Data to examine:
********

lemma is_path_snoc:
  assumes p: "is_path D p" and w: "(last p, w) \<in> D \<or> (w, last p) \<in> D"
  shows "is_path D (p @ [w])"
  unfolding is_path_def
proof (intro conjI allI impI)
  fix i assume i: "Suc i < length (p @ [w])"
  have "p \<noteq> []" using p by (simp add: is_path_def)
  show "((p @ [w]) ! i, (p @ [w]) ! Suc i) \<in> D \<or> ((p @ [w]) ! Suc i, (p @ [w]) ! i) \<in> D"
  proof (cases "Suc i < length p")
    case True
    then show ?thesis using p by (simp add: is_path_def nth_append)
  next
    case False
    then have "i = length p - 1" "Suc i = length p" using i by auto
    then show ?thesis using w \<open>p \<noteq> []\<close> by (simp add: nth_append last_conv_nth)
  qed
qed simp

lemma is_collider_snoc:
  assumes "0 < i" and "i + 1 < length p"
  shows "is_collider D (p @ [w]) i = is_collider D p i"
proof -
  have "i - 1 < length p" "i < length p" using assms by auto
  then show ?thesis using assms unfolding is_collider_def by (simp add: nth_append)
qed

lemma is_collider_snoc_last:
  assumes "2 \<le> length p"
  shows "is_collider D (p @ [w]) (length p - 1) \<longleftrightarrow>
    (p ! (length p - 2), last p) \<in> D \<and> (w, last p) \<in> D"
proof -
  have "length p - 1 - 1 = length p - 2" "length p - 2 < length p" "length p - 1 < length p"
    "length p - 1 + 1 = length p" "p \<noteq> []"
    using assms by auto
  then show ?thesis unfolding is_collider_def by (simp add: nth_append last_conv_nth)
qed

lemma inner_active_snoc:
  assumes p: "inner_active D Z p"
    and last: "2 \<le> length p \<Longrightarrow>
      (is_collider D (p @ [w]) (length p - 1) \<longrightarrow> last p \<in> ancestors_of D Z) \<and>
      (\<not> is_collider D (p @ [w]) (length p - 1) \<longrightarrow> last p \<notin> Z)"
  shows "inner_active D Z (p @ [w])"
  unfolding inner_active_def
proof (intro allI impI)
  fix i assume i: "0 < i" "i + 1 < length (p @ [w])"
  show "(is_collider D (p @ [w]) i \<longrightarrow> (p @ [w]) ! i \<in> ancestors_of D Z) \<and>
      (\<not> is_collider D (p @ [w]) i \<longrightarrow> (p @ [w]) ! i \<notin> Z)"
  proof (cases "i + 1 < length p")
    case True
    then show ?thesis
      using p i by (simp add: inner_active_def is_collider_snoc nth_append)
  next
    case False
    then have i_eq: "i = length p - 1" and len: "2 \<le> length p" using i by auto
    moreover have "p \<noteq> []" using len by auto
    ultimately have "(p @ [w]) ! i = last p" by (simp add: nth_append last_conv_nth)
    then show ?thesis using last[OF len] i_eq by simp
  qed
qed

lemma active_reach_path:
  assumes asym: "\<And>x y. (x, y) \<in> D \<Longrightarrow> (y, x) \<notin> D"
  shows "active_reach D A Z u d \<Longrightarrow> \<exists>p. is_path D p \<and> hd p \<in> A \<and> hd p \<notin> Z \<and> last p = u \<and>
    inner_active D Z p \<and> (d \<longleftrightarrow> 2 \<le> length p \<and> (p ! (length p - 2), u) \<in> D)"
proof (induction rule: active_reach.induct)
  case (start a)
  show ?case
    by (rule exI[of _ "[a]"]) (use start in \<open>auto simp: is_path_def inner_active_def\<close>)
next
  case (down u d w)
  then obtain p where p: "is_path D p" "hd p \<in> A" "hd p \<notin> Z" "last p = u" "inner_active D Z p"
    by blast
  have "p \<noteq> []" using p(1) by (simp add: is_path_def)
  then have last_edge: "(p @ [w]) ! (length (p @ [w]) - 2) = u"
    using p(4) by (simp add: nth_append last_conv_nth)
  have "\<not> is_collider D (p @ [w]) (length p - 1)" if "2 \<le> length p"
    using is_collider_snoc_last[OF that] asym[OF down.hyps(3)] p(4) by simp
  then have "inner_active D Z (p @ [w])"
    using inner_active_snoc[OF p(5)] down.hyps(2) p(4) by blast
  then show ?case
    using is_path_snoc[OF p(1)] p down.hyps(3) last_edge \<open>p \<noteq> []\<close>
    by (intro exI[of _ "p @ [w]"]) (auto simp: Suc_le_eq)
next
  case (up u d w)
  then obtain p where p: "is_path D p" "hd p \<in> A" "hd p \<notin> Z" "last p = u" "inner_active D Z p"
    "d \<longleftrightarrow> 2 \<le> length p \<and> (p ! (length p - 2), u) \<in> D"
    by blast
  have "p \<noteq> []" using p(1) by (simp add: is_path_def)
  then have last_edge: "(p @ [w]) ! (length (p @ [w]) - 2) = u"
    using p(4) by (simp add: nth_append last_conv_nth)
  have "is_collider D (p @ [w]) (length p - 1) \<longleftrightarrow> d" if "2 \<le> length p"
    using is_collider_snoc_last[OF that] up.hyps(2) p(4,6) that by auto
  then have "inner_active D Z (p @ [w])"
    using inner_active_snoc[OF p(5)] up.hyps(3) p(4) by (auto split: if_splits)
  then show ?case
    using is_path_snoc[OF p(1)] p up.hyps(2) asym[OF up.hyps(2)] last_edge \<open>p \<noteq> []\<close>
    by (intro exI[of _ "p @ [w]"]) auto
qed

lemma active_reach_descendant:
  assumes "(v, x) \<in> D\<^sup>*" and "active_reach D A Z v d" and "\<And>y. (v, y) \<in> D\<^sup>* \<Longrightarrow> y \<notin> Z"
  shows "\<exists>d'. active_reach D A Z x d'"
  using assms(1)
proof (induction rule: rtrancl_induct)
  case base
  then show ?case using assms(2) by blast
next
  case (step y x)
  then obtain d' where "active_reach D A Z y d'" by blast
  moreover have "y \<notin> Z" using assms(3) step(1) .
  ultimately show ?case using active_reach.down[of D A Z y _ x] step(2) by blast
qed

lemma active_reach_ancestor:
  assumes "(x, t) \<in> D\<^sup>*" and "active_reach D A Z t False" and "\<And>y. (x, y) \<in> D\<^sup>* \<Longrightarrow> y \<notin> Z"
  shows "active_reach D A Z x False"
  using assms
proof (induction rule: converse_rtrancl_induct)
  case base
  then show ?case by blast
next
  case (step x y)
  have "active_reach D A Z y False"
    using step(3)[OF step(4)] step(1,5) by (meson converse_rtrancl_into_rtrancl)
  moreover have "if False then y \<in> ancestors_of D Z else y \<notin> Z" using step(1,5) by auto
  ultimately show ?case by (rule active_reach.up[OF _ step(1)])
qed

locale d_separation =
  fixes D :: "('n \<times> 'n) set" and A B Z :: "'n set"
  assumes asym: "\<And>x y. (x, y) \<in> D \<Longrightarrow> (y, x) \<notin> D"
    and d_sep: "d_separated D A B Z"
begin

definition relevant :: "'n set" where
  "relevant = ancestors_of D (A \<union> B \<union> Z)"

definition reached :: "'n set" where
  "reached = {u \<in> relevant. u \<notin> Z \<and> (\<exists>d. active_reach D A Z u d)}"

definition unreached :: "'n set" where
  "unreached = relevant - reached - Z"

lemma subset_relevant: "X \<subseteq> A \<union> B \<union> Z \<Longrightarrow> X \<subseteq> relevant"
  unfolding relevant_def ancestors_of_def by blast

lemma relevant_parent: "v \<in> relevant \<Longrightarrow> (p, v) \<in> D \<Longrightarrow> p \<in> relevant"
  unfolding relevant_def ancestors_of_def by (blast intro: converse_rtrancl_into_rtrancl)

lemma B_not_reached: "b \<in> B \<Longrightarrow> b \<notin> reached"
proof
  assume b: "b \<in> B" and "b \<in> reached"
  then obtain d where "active_reach D A Z b d" and bZ: "b \<notin> Z" unfolding reached_def by blast
  then obtain p where p: "is_path D p" "hd p \<in> A" "hd p \<notin> Z" "last p = b" "inner_active D Z p"
    using active_reach_path[OF asym] by blast
  then have "\<not> blocked D Z p" using not_blocked_if_inner_active[of p Z D] bZ by simp
  moreover have "blocked D Z p" using d_sep p b unfolding d_separated_def by blast
  ultimately show False by simp
qed

lemma A_subset: "A \<subseteq> reached \<union> Z"
  using subset_relevant[of A] active_reach.start[of _ A Z D] unfolding reached_def by auto

lemma B_subset: "B \<subseteq> unreached \<union> Z"
  using B_not_reached subset_relevant[of B] unfolding unreached_def by blast

lemma reached_parent:
  assumes v: "v \<in> reached" and e: "(p, v) \<in> D"
  shows "p \<in> reached \<union> Z"
proof (cases "p \<in> Z")
  case False
  have v_rel: "v \<in> relevant" and vZ: "v \<notin> Z" using v unfolding reached_def by auto
  obtain d where r: "active_reach D A Z v d" using v unfolding reached_def by blast
  have "active_reach D A Z p False"
  proof (cases "d \<longrightarrow> v \<in> ancestors_of D Z")
    case True
    then have "if d then v \<in> ancestors_of D Z else v \<notin> Z" using vZ by auto
    then show ?thesis by (rule active_reach.up[OF r e])
  next
    case False
    then have not_anc: "v \<notin> ancestors_of D Z" by auto
    \<comment> \<open>v has a descendant in A \<union> B \<union> Z, reached going down; it avoids Z, so it is reached
      and hence in A, and the trail back up to v arrives with d = False\<close>
    obtain t where t: "t \<in> A \<union> B \<union> Z" "(v, t) \<in> D\<^sup>*"
      using v_rel unfolding relevant_def ancestors_of_def by blast
    have desc: "y \<notin> Z" if "(v, y) \<in> D\<^sup>*" for y
      using not_anc that unfolding ancestors_of_def by blast
    have tZ: "t \<notin> Z" using desc t(2) .
    obtain d' where "active_reach D A Z t d'" using active_reach_descendant[OF t(2) r desc] by blast
    then have "t \<in> reached" using subset_relevant[of "{t}"] t(1) tZ unfolding reached_def by blast
    then have "t \<in> A" using B_not_reached t(1) tZ by blast
    then have "active_reach D A Z v False"
      using active_reach_ancestor[OF t(2) active_reach.start desc] tZ by blast
    moreover have "if False then v \<in> ancestors_of D Z else v \<notin> Z" using vZ by simp
    ultimately show ?thesis by (rule active_reach.up[OF _ e])
  qed
  then show ?thesis using relevant_parent[OF v_rel e] False unfolding reached_def by blast
qed simp

lemma unreached_parent:
  assumes v: "v \<in> unreached" and e: "(p, v) \<in> D"
  shows "p \<in> unreached \<union> Z"
proof (cases "p \<in> Z")
  case False
  have v_rel: "v \<in> relevant" and vZ: "v \<notin> Z" and v_nr: "v \<notin> reached"
    using v unfolding unreached_def by auto
  have "p \<notin> reached"
  proof
    assume "p \<in> reached"
    then obtain d where "active_reach D A Z p d" "p \<notin> Z" unfolding reached_def by blast
    then have "active_reach D A Z v True" using active_reach.down[OF _ _ e] by blast
    then show False using v_nr v_rel vZ unfolding reached_def by blast
  qed
  then show ?thesis using relevant_parent[OF v_rel e] False unfolding unreached_def by blast
qed simp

********

What is needed:
All lines above in which the word "that" occurs should be identified and copied.

Response to the exercise:
    using is_collider_snoc_last[OF that] asym[OF down.hyps(3)] p(4) by simp
    using is_collider_snoc_last[OF that] up.hyps(2) p(4,6) that by auto
      using not_anc that unfolding ancestors_of_def by blast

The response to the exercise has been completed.